**Records drawn from a dataset**
■ ■ ■
text \<open>Pushing the intuitionistic disjunction outwards, every formula is equivalent to an
  intuitionistic disjunction of classical formulas using no new polarities. Classical
  formulas are flat: a team satisfies one iff each of its valuations does. Hence if
  \<open>\<phi> \<Turnstile> \<psi>\<close>, testing on the team of all models of a disjunct \<open>\<alpha>\<close> of \<open>\<phi>\<close> shows that \<open>\<alpha>\<close>
  classically entails some disjunct \<open>\<beta>\<close> of \<open>\<psi>\<close>. The classical Lyndon interpolants of these
  entailments, joined by the intuitionistic disjunction, form \<open>\<theta>\<close>. For \<open>\<alpha> \<Turnstile> \<beta>\<close> the classical
  interpolant is the disjunction, over the models \<open>v\<close> of \<open>\<alpha>\<close>, of the conjunction of those literals of \<open>v\<close> whose
  variable occurs with the same polarity in \<open>\<alpha>\<close> and \<open>\<beta>\<close>; that it entails \<open>\<beta>\<close> follows from the
  monotonicity of \<open>\<alpha>\<close> and \<open>\<beta>\<close> in their positive and antitonicity in their negative variables.\<close>

fun holds :: "valuation \<Rightarrow> cl \<Rightarrow> bool" where
  "holds v (CVar p) \<longleftrightarrow> v p"
| "holds v CBot \<longleftrightarrow> False"
| "holds v (CNeg a) \<longleftrightarrow> \<not> holds v a"
| "holds v (CAnd a b) \<longleftrightarrow> holds v a \<and> holds v b"
| "holds v (COr a b) \<longleftrightarrow> holds v a \<or> holds v b"

lemma csat_iff_holds: "csat t a \<longleftrightarrow> (\<forall>v\<in>t. holds v a)"
proof (induction a arbitrary: t)
  case (COr a b)
  show ?case
  proof
    assume "csat t (COr a b)"
    then show "\<forall>v\<in>t. holds v (COr a b)"
      using COr.IH by auto
  next
    assume "\<forall>v\<in>t. holds v (COr a b)"
    then have "t = {v\<in>t. holds v a} \<union> {v\<in>t. holds v b}"
      by auto
    moreover have "csat {v\<in>t. holds v a} a" "csat {v\<in>t. holds v b} b"
      using COr.IH by auto
    ultimately show "csat t (COr a b)"
      unfolding csat.simps by blast
  qed
qed auto

lemma sat_empty: "sat {} f"
  by (induction f) (auto simp: csat_iff_holds)

lemma holds_cong: "(\<And>p. p \<in> cvars a \<Longrightarrow> v p = w p) \<Longrightarrow> holds v a \<longleftrightarrow> holds w a"
  by (induction a) auto

lemma holds_mono_polarity:
  assumes "\<And>p. p \<in> cpos a \<Longrightarrow> v p \<Longrightarrow> w p"
    and "\<And>p. p \<in> cneg a \<Longrightarrow> w p \<Longrightarrow> v p"
    and "holds v a"
  shows "holds w a"
  using assms
proof (induction a arbitrary: v w)
  case (CNeg a)
  then show ?case
    by (metis cneg.simps(3) cpos.simps(3) holds.simps(3))
next
  case (CAnd a b)
  then show ?case
    by (metis UnCI cneg.simps(4) cpos.simps(4) holds.simps(4))
next
  case (COr a b)
  then show ?case
    by (metis UnCI cneg.simps(5) cpos.simps(5) holds.simps(5))
qed auto
lemma optimal_AP_AP_set_without_second_to_last:
  assumes "0 < d" "0 < s" "s \<le> n"
  shows "optimal_AP (Suc s) n (AP_set a d (Suc n) - {a + real (n - 1) * d}) \<longleftrightarrow> s dvd n"
proof -
  let ?c = "2 * a + real n * d"
  have "(\<lambda>x. ?c - x) ` AP_set a d (Suc n) = AP_set a d (Suc n)"
    by (simp add: reflect_AP_set)
  moreover have "?c - (a + real (n - 1) * d) = a + d"
    using assms by (simp add: of_nat_diff algebra_simps)
  ultimately have "(\<lambda>x. ?c - x) ` (AP_set a d (Suc n) - {a + real (n - 1) * d}) = AP_set a d (Suc n) - {a + d}"
    by (simp add: image_set_diff inj_on_def)
  then show ?thesis
    using optimal_AP_reflect optimal_AP_AP_set_without_second[OF assms] by metis
qed

lemma not_optimal_AP_AP_set_without_second_and_second_to_last:
  assumes "0 < d" "3 \<le> s" "s < n"
  shows "\<not> optimal_AP (Suc s) n (AP_set a d (Suc (Suc n)) - {a + d, a + real n * d})"
proof -
  have "S_AP (Suc s) (AP_set a d (Suc (Suc n)) - {a + d, a + real n * d})
      = card (nat_AP_pairs (Suc s) ({..<Suc (Suc n)} - {1, n}))"
    using S_AP_AP_set_minus[OF assms(1), of "Suc s" a "Suc (Suc n)" "{1, n}"] assms(2) by simp
  then show ?thesis
    using card_nat_AP_pairs_without_second_and_second_to_last[OF assms(2,3)] assms(2)
    by (simp add: optimal_AP_iff)
qed

theorem mainTheorem11:
  fixes n k m :: nat and a d p q :: real and A D :: "real set"
  assumes "4 \<le> k" and "k \<le> n"
    and "d > 0" and "A = AP_set a d m"
    and "p = a + d" and "q = a + real (m - 2) * d"
    and "D \<subseteq> {p, q}"
    and "card (A - D) = n"
  shows "optimal_AP k n (A - D) \<longleftrightarrow>
           (D = {} \<or> ((k - 1) dvd n \<and> card D = 1))"
proof -
  obtain s where k: "k = Suc s" and "3 \<le> s"
    using \<open>4 \<le> k\<close> by (intro that[of "k - 1"]) auto
  have "n \<le> m"
    using card_mono[OF finite_AP_set, of "A - D" a d m] assms(3,4,8) by (simp add: card_AP_set)
  have "p \<in> A" "q \<in> A" "p \<noteq> q"
    using assms(2-6) \<open>n \<le> m\<close> \<open>3 \<le> s\<close> k by (auto simp: mem_AP_set intro!: exI[of _ 1] exI[of _ "m - 2"])
  then have "D \<subseteq> A" "finite D"
    using assms(7) finite_subset[of D "{p, q}"] by auto
  then have "n = m - card D"
    using assms(3,4,8) by (simp add: card_Diff_subset card_AP_set)
  consider "D = {}" | "D = {p}" | "D = {q}" | "D = {p, q}"
    using assms(7) by blast
  then show ?thesis
  proof cases
    case 1
    then show ?thesis
      using optimal_AP_AP_set[OF assms(3)] assms(1,4) \<open>n = m - card D\<close> by simp
  next
    case 2
    then show ?thesis
      using optimal_AP_AP_set_without_second[OF assms(3), of s n a] assms k \<open>n = m - card D\<close>
      by (simp add: Suc_diff_1)
  next
    case 3
    then show ?thesis
      using optimal_AP_AP_set_without_second_to_last[OF assms(3), of s n a] assms k \<open>n = m - card D\<close>
      by (simp add: Suc_diff_1 numeral_2_eq_2)
  next
    case 4
    with \<open>p \<noteq> q\<close> \<open>n = m - card D\<close> assms(2) k have "card D = 2" "m = Suc (Suc n)"
      by auto
    then show ?thesis
      using not_optimal_AP_AP_set_without_second_and_second_to_last[OF assms(3) \<open>3 \<le> s\<close>, of n a]
        4 assms(2,4-6) k by simp
  qed
qed

end
lemma twisted_leibniz_inverse:
  fixes D f :: "'a::field \<Rightarrow> 'b::field"
  assumes leibniz: "\<And>a b. D (a * b) = D a * f b + f a * D b"
    and hom: "ring_hom_fun f" and "a \<noteq> 0"
  shows "D (inverse a) = - D a * f (inverse a) / f a"
proof -
  have fa: "f a \<noteq> 0" using hom \<open>a \<noteq> 0\<close> by (simp add: ring_hom_fun_eq_0_iff)
  have "0 = D (a * inverse a)"
    using twisted_leibniz_one[OF leibniz ring_hom_fun_one[OF hom]] \<open>a \<noteq> 0\<close> by simp
  also have "\<dots> = D a * f (inverse a) + f a * D (inverse a)" by (rule leibniz)
  finally show ?thesis using fa by (simp add: field_simps eq_neg_iff_add_eq_0 add.commute)
qed

context
  fixes D :: "'a::field \<Rightarrow> 'a"
  assumes leibniz: "\<And>a b. D (a * b) = D a * b + a * D b"
begin

lemma leibniz_power: "w \<noteq> 0 \<Longrightarrow> D (w ^ k) = of_nat k * w ^ k * D w / w"
proof (induction k)
  case 0
  show ?case using twisted_leibniz_one[where f = "\<lambda>a. a", OF leibniz] by simp
next
  case (Suc k)
  have "D (w ^ Suc k) = D w * w ^ k + w * D (w ^ k)"
    using leibniz[of w "w ^ k"] by (simp add: mult.commute)
  with Suc show ?case by (simp add: field_simps)
qed

lemma leibniz_power_int:
  assumes "w \<noteq> 0"
  shows "D (w powi k) = of_int k * w powi k * D w / w"
proof (cases k rule: int_cases2)
  case (nonneg m)
  then show ?thesis using leibniz_power \<open>w \<noteq> 0\<close> by simp
next
  case (nonpos m)
  have "D (w powi k) = D (inverse (w ^ m))" using nonpos by (simp add: power_int_minus)
  also have "\<dots> = - D (w ^ m) * inverse (w ^ m) / w ^ m"
    using twisted_leibniz_inverse[where f = "\<lambda>a. a", OF leibniz ring_hom_fun_id] \<open>w \<noteq> 0\<close> by simp
  finally show ?thesis
    using nonpos leibniz_power \<open>w \<noteq> 0\<close> by (simp add: power_int_minus field_simps)
qed

lemma leibniz_prod:
  "finite S \<Longrightarrow> \<forall>p\<in>S. g p \<noteq> 0 \<Longrightarrow> D (\<Prod>p\<in>S. g p) = (\<Prod>p\<in>S. g p) * (\<Sum>p\<in>S. D (g p) / g p)"
proof (induction S rule: finite_induct)
  case empty
  show ?case using twisted_leibniz_one[where f = "\<lambda>a. a", OF leibniz] by simp
next
  case (insert a F)
  then show ?case by (simp add: leibniz field_simps)
qed

end

definition derivation_along :: "('k::field \<Rightarrow> 'a::field) \<Rightarrow> ('a \<Rightarrow> 'b::field) \<Rightarrow> ('a \<Rightarrow> 'b) \<Rightarrow> bool" where
  "derivation_along \<iota> f D \<longleftrightarrow> (\<forall>a b. D (a + b) = D a + D b) \<and>
     (\<forall>a b. D (a * b) = D a * f b + f a * D b) \<and> (\<forall>r. D (\<iota> r) = 0)"

context
  fixes \<iota> :: "'k::field \<Rightarrow> 'a::field" and f D :: "'a \<Rightarrow> 'b::field"
  assumes D: "derivation_along \<iota> f D" and f: "ring_hom_fun f"
begin

lemma derivation_along_add: "D (a + b) = D a + D b"
  and derivation_along_mult: "D (a * b) = D a * f b + f a * D b"
  and derivation_along_const: "D (\<iota> r) = 0"
  using D unfolding derivation_along_def by blast+

lemma derivation_along_zero: "D 0 = 0"
  using derivation_along_add[of 0 0] by (metis add_0 add_cancel_right_right)

lemma derivation_along_one: "D 1 = 0"
  by (rule twisted_leibniz_one[OF derivation_along_mult ring_hom_fun_one[OF f]])

lemma derivation_along_uminus: "D (- a) = - D a"
  using derivation_along_add[of a "- a"]
  by (simp add: derivation_along_zero eq_neg_iff_add_eq_0 add.commute)

lemma derivation_along_inverse: "D (inverse a) = - D a * f (inverse a) / f a"
  by (cases "a = 0")
    (simp_all add: derivation_along_zero twisted_leibniz_inverse[OF derivation_along_mult f])

end

lemma derivations_along_eq:
  assumes rf: "is_rat_fun_field n \<iota> x" and f: "ring_hom_fun f"
    and D: "derivation_along \<iota> f D" and D': "derivation_along \<iota> f D'"
    and generators: "\<forall>i<n. D (x i) = D' (x i)"
  shows "D = D'"
proof -
  note rules = derivation_along_add derivation_along_mult derivation_along_zero derivation_along_one
    derivation_along_uminus derivation_along_inverse
  have "subfield_set {a. D a = D' a}"
    by (rule subfield_setI) (simp_all add: rules[OF D f] rules[OF D' f])
  moreover have "range \<iota> \<subseteq> {a. D a = D' a}"
    using derivation_along_const[OF D f] derivation_along_const[OF D' f] by auto
  moreover have "x ` {..<n} \<subseteq> {a. D a = D' a}" using generators by auto
  ultimately have "{a. D a = D' a} = UNIV" by (rule rat_fun_field_generated[OF rf])
  then show ?thesis by auto
qed
definition voronoi_partition ::
  "nat \<Rightarrow> (nat \<Rightarrow> 'a::real_normed_vector) \<Rightarrow> (nat \<Rightarrow> 'a set) \<Rightarrow> bool" where
  "voronoi_partition k c V \<longleftrightarrow>
     (\<forall>x. \<exists>!j. j < k \<and> x \<in> V j) \<and>
     (\<forall>j<k. \<forall>x\<in>V j. \<forall>j'<k. norm (x - c j) \<le> norm (x - c j'))"

end

theory Submission
  imports Defs
begin

text \<open>Fix a center \<open>\<mu>\<^sub>i\<close> with \<open>\<parallel>\<mu> - \<mu>\<^sub>i\<parallel> \<le> R\<close>. If \<open>Y = \<mu> + \<sigma>\<xi>\<close> lies in the cell of \<open>\<mu>\<^sub>j\<close>, then
  \<open>\<parallel>Y - \<mu>\<^sub>j\<parallel> \<le> \<parallel>Y - \<mu>\<^sub>i\<parallel>\<close>; expanding the squares and using \<open>\<parallel>\<mu>\<^sub>j - \<mu>\<^sub>i\<parallel> \<le> \<parallel>\<mu> - \<mu>\<^sub>j\<parallel> + R\<close> gives
  \<open>\<parallel>\<mu> - \<mu>\<^sub>j\<parallel> \<le> R + 2\<sigma>t\<close> whenever the component of \<open>\<xi>\<close> along \<open>\<mu>\<^sub>j - \<mu>\<^sub>i\<close> is below \<open>t\<close>.
  A standard Gaussian exceeds \<open>t\<close> in a fixed unit direction with probability at most
  \<open>exp (-t\<^sup>2/2)\<close> (Chernoff bound, computed by shifting the density), so a union bound over
  the \<open>k'\<close> directions with \<open>t = \<surd>(2 ln (k'/\<epsilon>))\<close> gives the claim, even with \<open>R\<close> for \<open>3R\<close>.\<close>

definition gaussian_density :: "'a::euclidean_space \<Rightarrow> real" where
  "gaussian_density x = (2 * pi) powr (- real DIM('a) / 2) * exp (- (norm x)\<^sup>2 / 2)"

lemma gaussian_density_nonneg [simp]: "gaussian_density x \<ge> 0"
  by (simp add: gaussian_density_def)

lemma gaussian_density_measurable [measurable]: "gaussian_density \<in> borel_measurable borel"
  unfolding gaussian_density_def by measurable
text \<open>At a maximum point z of |u|, u(z) \<bullet> \<Delta>u(z) \<le> 0, so testing the equation against u(z) gives
  |u(z)|^4 \<le> sup|\<mu>| |u(z)|^2 + M sup|f| |u(z)|: a bound on |u| independent of \<epsilon> and a, and then,
  through the equation, a bound B on \<epsilon>^2 \<Delta>u. For the gradient, a maximum principle in doubled variables
  applied to c \<bullet> u(x) - c \<bullet> u(y) - L (1 - exp (-|x - y|/\<epsilon>)) with |c| \<le> 1 shows that u is
  (L/\<epsilon>)-Lipschitz, hence \<epsilon> |Du| \<le> L.\<close>

lemma DERIV_nonpos_at_local_max:
  fixes g g' :: "real \<Rightarrow> real"
  assumes d: "d > 0"
    and g: "\<And>t. \<bar>t\<bar> < d \<Longrightarrow> (g has_real_derivative g' t) (at t)"
    and g': "(g' has_real_derivative D) (at 0)"
    and max: "\<And>t. \<bar>t\<bar> < d \<Longrightarrow> g t \<le> g 0"
  shows "D \<le> 0"
proof (rule ccontr)
  assume "\<not> D \<le> 0"
  hence "D > 0" by simp
  have g'0: "g' 0 = 0"
    using DERIV_local_max[OF g[of 0] d] max d by (auto simp: abs_minus_commute)
  obtain e where e: "e > 0" "\<And>h. h > 0 \<Longrightarrow> h < e \<Longrightarrow> g' 0 < g' (0 + h)"
    using DERIV_pos_inc_right[OF g' \<open>D > 0\<close>] by blast
  define h where "h = min (e/2) (d/2)"
  have h: "h > 0" "h < e" "h < d" using e d by (auto simp: h_def)
  obtain z where z: "0 < z" "z < h" "g h - g 0 = (h - 0) * g' z"
    using MVT2[of 0 h g g'] h g by auto
  have "g' z > 0" using e(2)[of z] z h g'0 by simp
  hence "(h - 0) * g' z > 0" using h by simp
  hence "g h > g 0" using z by simp
  moreover have "g h \<le> g 0" using max[of h] h by simp
  ultimately show False by simp
qed

lemma continuous_attains_max_of_bounded_superlevel:
  fixes g :: "'a::heine_borel \<Rightarrow> real"
  assumes "continuous_on UNIV g" and "bounded {z. g z \<ge> g x0}"
  obtains z where "\<And>y. g y \<le> g z"
proof -
  let ?K = "{z. g z \<ge> g x0}"
  have "closed ?K"
    using assms(1) by (intro closed_Collect_le) (auto intro: continuous_intros)
  hence "compact ?K" using assms(2) by (simp add: compact_eq_bounded_closed)
  moreover have "continuous_on ?K g" using assms(1) by (rule continuous_on_subset) simp
  ultimately obtain z where "z \<in> ?K" "\<forall>y\<in>?K. g y \<le> g z"
    using continuous_attains_sup[of ?K g] by blast
  hence "g y \<le> g z" for y by (cases "y \<in> ?K") auto
  thus thesis by (rule that)
qed

lemma norm_attains_max_of_tendsto_zero:
  fixes u :: "'a::{heine_borel, real_normed_vector} \<Rightarrow> 'b::real_normed_vector"
  assumes "continuous_on UNIV u" and "(u \<longlongrightarrow> 0) at_infinity"
  obtains z where "\<And>y. norm (u y) \<le> norm (u z)"
proof (cases "\<exists>x. u x \<noteq> 0")
  case True
  then obtain x where "u x \<noteq> 0" by blast
  hence "\<forall>\<^sub>F z in at_infinity. norm (u z) < norm (u x)"
    using assms(2) by (auto simp: tendsto_iff dist_norm)
  then obtain R where R: "\<And>z. norm z \<ge> R \<Longrightarrow> norm (u z) < norm (u x)"
    unfolding eventually_at_infinity by blast
  have "{z. norm (u z) \<ge> norm (u x)} \<subseteq> cball 0 R"
    using R by (auto simp: dist_norm) (meson linorder_not_le order_less_imp_le)
  hence "bounded {z. norm (u z) \<ge> norm (u x)}" using bounded_cball bounded_subset by blast
  moreover have "continuous_on UNIV (\<lambda>z. norm (u z))"
    using assms(1) by (intro continuous_intros)
  ultimately show thesis
    using continuous_attains_max_of_bounded_superlevel that by blast
next
  case False
  thus thesis using that by auto
qed

lemma onorm_frechet_derivative_le:
  fixes u :: "'a::{real_normed_vector, perfect_space} \<Rightarrow> 'b::real_normed_vector"
  assumes "u differentiable (at x)"
    and lip: "\<And>y. norm (u y - u x) \<le> K * norm (y - x)"
  shows "onorm (frechet_derivative u (at x)) \<le> K"
proof (rule onorm_le)
  fix h :: 'a
  let ?D = "frechet_derivative u (at x)"
  have lin: "bounded_linear ?D"
    and approx: "\<forall>e>0. \<exists>d>0. \<forall>y. norm (y - x) < d \<longrightarrow> norm (u y - u x - ?D (y - x)) \<le> e * norm (y - x)"
    using assms(1) frechet_derivative_works has_derivative_at_alt by blast+
  show "norm (?D h) \<le> K * norm h"
  proof (cases "h = 0")
    case True
    thus ?thesis using lin by (simp add: linear_simps)
  next
    case False
    show ?thesis
    proof (rule field_le_epsilon)
      fix e :: real assume "e > 0"
      then obtain d where "d > 0"
        and d: "\<And>y. norm (y - x) < d \<Longrightarrow> norm (u y - u x - ?D (y - x)) \<le> (e / norm h) * norm (y - x)"
        using approx False by (metis divide_pos_pos zero_less_norm_iff)
      define t where "t = d / (2 * norm h)"
      have t: "t > 0" "norm (t *\<^sub>R h) < d" using \<open>d > 0\<close> False by (auto simp: t_def)
      have "t * norm (?D h) = norm (?D (t *\<^sub>R h))"
        using t lin by (simp add: linear_simps)
      also have "\<dots> \<le> norm (u (x + t *\<^sub>R h) - u x) + norm (u (x + t *\<^sub>R h) - u x - ?D (t *\<^sub>R h))"
        using norm_triangle_sub[of "?D (t *\<^sub>R h)" "u (x + t *\<^sub>R h) - u x"]
        by (simp add: norm_minus_commute)
      also have "\<dots> \<le> K * (t * norm h) + (e / norm h) * (t * norm h)"
        using lip[of "x + t *\<^sub>R h"] d[of "x + t *\<^sub>R h"] t by (intro add_mono) auto
      also have "\<dots> = t * (K * norm h + e)"
        using False by (simp add: field_simps)
      finally show "norm (?D h) \<le> K * norm h + e" using t by simp
    qed
  qed
qed

lemma Basis_vec2: "(Basis :: (real^2) set) = {axis 1 1, axis 2 1}"
  unfolding Basis_vec_def by (auto simp: UNIV_2)

lemma sum_Basis_vec2: "(\<Sum>i\<in>(Basis :: (real^2) set). F i) = F (axis 1 1) + F (axis 2 1)"
  by (simp add: Basis_vec2 axis_eq_axis)

lemma frechet_derivative_eq_sum_partial:
  fixes u :: "real^2 \<Rightarrow> real^2"
  assumes "u differentiable (at p)"
  shows "frechet_derivative u (at p) w = (\<Sum>j\<in>Basis. (w \<bullet> j) *\<^sub>R partial u j p)"
proof -
  have "linear (frechet_derivative u (at p))"
    using assms frechet_derivative_works has_derivative_linear by blast
  hence "frechet_derivative u (at p) (\<Sum>j\<in>Basis. (w \<bullet> j) *\<^sub>R j)
      = (\<Sum>j\<in>Basis. (w \<bullet> j) *\<^sub>R frechet_derivative u (at p) j)"
    by (simp add: linear_sum linear_scale)
  thus ?thesis by (simp add: euclidean_representation partial_def)
qed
■ ■ ■
Read through the lines above and collect those that contain the string "intro".

**Written response**
    using \<open>4 \<le> k\<close> by (intro that[of "k - 1"]) auto
    using assms(2-6) \<open>n \<le> m\<close> \<open>3 \<le> s\<close> k by (auto simp: mem_AP_set intro!: exI[of _ 1] exI[of _ "m - 2"])
    using assms(1) by (intro closed_Collect_le) (auto intro: continuous_intros)
    using assms(1) by (intro continuous_intros)
        using lip[of "x + t *\<^sub>R h"] d[of "x + t *\<^sub>R h"] t by (intro add_mono) auto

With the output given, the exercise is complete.